The two brothers who were purportedly hired to attack “Empire” actor Jussie Smollett are suing Smollett’s attorneys for alleged defamation and casting the brothers in a false light.
In a federal lawsuit filed in Chicago on Tuesday, brothers Olabinjo Osundairo and Abimbola Osundairo accused defense attorneys Mark Geragos, his Geragos & Geragos law firm and attorney Tina Glandian of continuing to state publicly that the brothers “led a criminally homophobic, racist and violent attack against Mr. Smollett,” despite charges against the actor being dropped.
“Defendants made these comments knowing they were untrue to distract from Mr. Smollett’s farce and to promote themselves and the Geragos & Geragos Law Firm,” says the lawsuit, obtained by The Times.
“We have sat back and watched lie after lie being fabricated about us in the media only so one big lie can continue to have life,” the brothers said in a statement Tuesday. “These lies are destroying our character and reputation in our personal and professional lives. ... We will no longer sit back and allow these lies to continue.”
They are seeking unspecified damages and requesting a trial by jury.
Geragos and Glandian, in a joint statement, dismissed the lawsuit as “comical” and “a desperate attempt for [the brothers] to stay relevant and further profit from an attack they admit they perpetrated.”
“While we know this ridiculous lawsuit will soon be dismissed because it lacks any legal footing, we look forward to exposing the fraud the Osundairo brothers and their attorneys have committed on the public,” Geragos and Glandian said.
The lawsuit alleges the attorneys’ statements have caused “considerable damage to Plaintiffs’ careers, as they have lost talent agent contracts and career opportunities” and “irreparable financial damage.” It also comes just as Geragos, whose star-studded client list has included Michael Jackson, singer Chris Brown, actress Winona Ryder and convicted murderer Scott Peterson, is currently caught up in another high-profile case involving celebrity attorney Michael Avenatti.
According to Tuesday’s lawsuit, the attorneys’ statements falsely indicate that the brothers, who are personal trainers, carried out a hate crime, perjured themselves and conspired to make false statements to Chicago police. As such, the Osundairos suffered significant emotional distress and feel unsafe and alienated in their local Chicago community, the suit says.
It cites Glandian’s appearances on ABC’s “Good Morning America,” NBC’s “Today” show and the “Reasonable Doubt” podcast as well as statements she made to the media, during which she “insisted Mr. Smollett was innocent of making a false police report and falsely added that Plaintiffs criminally attacked Mr. Smollett” while wearing “whiteface.” (The Osundairos said those allegations are “patently false.”)
“Ms. Glandian, in stating that Plaintiffs criminally battered Mr. Smollett, implicitly proffered that Plaintiffs are guilty of perjuring themselves during the February 20, 2019 grand jury proceedings, and she specifically stated such in media appearances,” the lawsuit says.
Glandian, whose actions they believe were made “in concert with and approved by Mr.
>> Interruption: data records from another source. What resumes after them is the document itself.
lemma pd_matrix_inv:
  fixes S :: "real^'n^'n"
  assumes symS: "transpose S = S" and pdS: "pd S"
  shows "S ** matrix_inv S = mat 1" "matrix_inv S ** S = mat 1"
    "transpose (matrix_inv S) = matrix_inv S" "pd (matrix_inv S)"
proof -
  have "invertible S" using hadamard_inequality(1)[OF assms] by (simp add: invertible_det_nz)
  then show right: "S ** matrix_inv S = mat 1" and left: "matrix_inv S ** S = mat 1"
    by (rule matrix_inv_mult)+
  have "transpose (matrix_inv S) = (matrix_inv S ** S) ** transpose (matrix_inv S)"
    using left by simp
  also have "\<dots> = matrix_inv S"
    using left symS by (metis matrix_mul_assoc matrix_mul_rid matrix_transpose_mul)
  finally show "transpose (matrix_inv S) = matrix_inv S" .
  show "pd (matrix_inv S)" unfolding pd_def
  proof (intro allI impI)
    fix x :: "real^'n" assume "x \<noteq> 0"
    define y where "y = matrix_inv S *v x"
    have Sy: "S *v y = x" unfolding y_def by (simp add: matrix_vector_mul_assoc right)
    then have "y \<noteq> 0" using \<open>x \<noteq> 0\<close> by auto
    then have "0 < y \<bullet> (S *v y)" using pdS unfolding pd_def by blast
    then show "0 < x \<bullet> (matrix_inv S *v x)" using Sy unfolding y_def by (simp add: inner_commute)
  qed
qed
(* Let $r\geq 2$ and $0\leq \alpha \leq 1-\frac{1}{r}$. Let $G$ be a graph of order $n\ge 2$, let $\mathbf{x}=(x_{1}, \dots, x_{n})$ be a non-negative unit eigenvector of $A_{\alpha}(G)$ corresponding to $\lambda_{\alpha}(G)$, and let $w\in V(G)$ satisfy $x_{w}=\min \{x_{1}, \dots, x_{n}\}$. Then $$\lambda_{\alpha}(G-w)\geq \lambda_{\alpha}(G)\frac{1-2x^2_{w}}{1-x^2_{w}}-\alpha\frac{1-nx^2_{w}}{1-x^2_{w}}.$$
   Context: $A_\alpha(G)=\alpha D(G)+(1-\alpha)A(G)$, where $A(G)$ is the adjacency matrix and $D(G)$ the diagonal degree matrix of $G$; $\lambda_\alpha(G)$ is its largest eigenvalue. $G-w$ is the graph obtained by deleting vertex $w$ and its incident edges. *)

theory Defs
  imports Complex_Main
begin

definition simple_graph :: "'a set \<Rightarrow> ('a \<Rightarrow> 'a \<Rightarrow> bool) \<Rightarrow> bool" where
  "simple_graph V E \<longleftrightarrow> finite V \<and> (\<forall>u v. E u v \<longrightarrow> u \<in> V \<and> v \<in> V)
     \<and> (\<forall>u v. E u v \<longrightarrow> E v u) \<and> (\<forall>u. \<not> E u u)"

definition degree :: "'a set \<Rightarrow> ('a \<Rightarrow> 'a \<Rightarrow> bool) \<Rightarrow> 'a \<Rightarrow> nat" where
  "degree V E v = card {u \<in> V. E v u}"

definition A_alpha :: "real \<Rightarrow> 'a set \<Rightarrow> ('a \<Rightarrow> 'a \<Rightarrow> bool) \<Rightarrow> 'a \<Rightarrow> 'a \<Rightarrow> real" where
  "A_alpha \<alpha> V E u v =
     (if u = v then \<alpha> * real (degree V E u) else 0) + (1 - \<alpha>) * (if E u v then 1 else 0)"

definition is_eigenvector :: "('a \<Rightarrow> 'a \<Rightarrow> real) \<Rightarrow> 'a set \<Rightarrow> real \<Rightarrow> ('a \<Rightarrow> real) \<Rightarrow> bool" where
  "is_eigenvector M V lam x \<longleftrightarrow> (\<forall>v. v \<notin> V \<longrightarrow> x v = 0) \<and> (\<exists>v\<in>V. x v \<noteq> 0)
     \<and> (\<forall>u\<in>V. (\<Sum>v\<in>V. M u v * x v) = lam * x u)"

definition is_eigenvalue :: "('a \<Rightarrow> 'a \<Rightarrow> real) \<Rightarrow> 'a set \<Rightarrow> real \<Rightarrow> bool" where
  "is_eigenvalue M V lam \<longleftrightarrow> (\<exists>x. is_eigenvector M V lam x)"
Geragos to promote his law firm and his reputation,” also falsely accused the brothers of illegal Nigerian steroid trafficking and falsely inferred that Abimbola Osundairo and Smollett engaged in “homosexual acts,” the lawsuit says.
The lawsuit contends that Abimbola Osundairo is heterosexual and had a girlfriend at the time of the Smollett incident. Homosexual activity is illegal in his home country, the suit notes, and therefore Glandian’s comments allegedly endangered both him and his family in Nigeria.
The public statements, which indicated that Smollett was telling the truth and that the brothers were lying, caused them “significant emotional distress” and made them feel unsafe and alienated them from the local community, the suit says.
It’s the latest development in the high-profile Chicago case, which began in January when Smollett, who is black and gay, alleged that he was the victim of a racist and homophobic attack near his home late one night.
After questioning the Osundairo brothers, who were persons of interest in the case, police said the attack was a hoax orchestrated by Smollett to advance his career. Those allegations led to a 16-count indictment, but all charges were dropped in late March and parts of the case were sealed.
Smollett has maintained his innocence and said the attack wasn’t staged. But he was sued by the city of Chicago earlier this month after refusing to reimburse it for the cost of the investigation, which totaled about $130,000.
The case has cast a national spotlight on the actor and the ramifications of scandal. In particular, what it means for Chicago and Illinois State’s Atty. Kim Foxx, are still hot topics in a city roiled by crime and prosecutors’ reform efforts.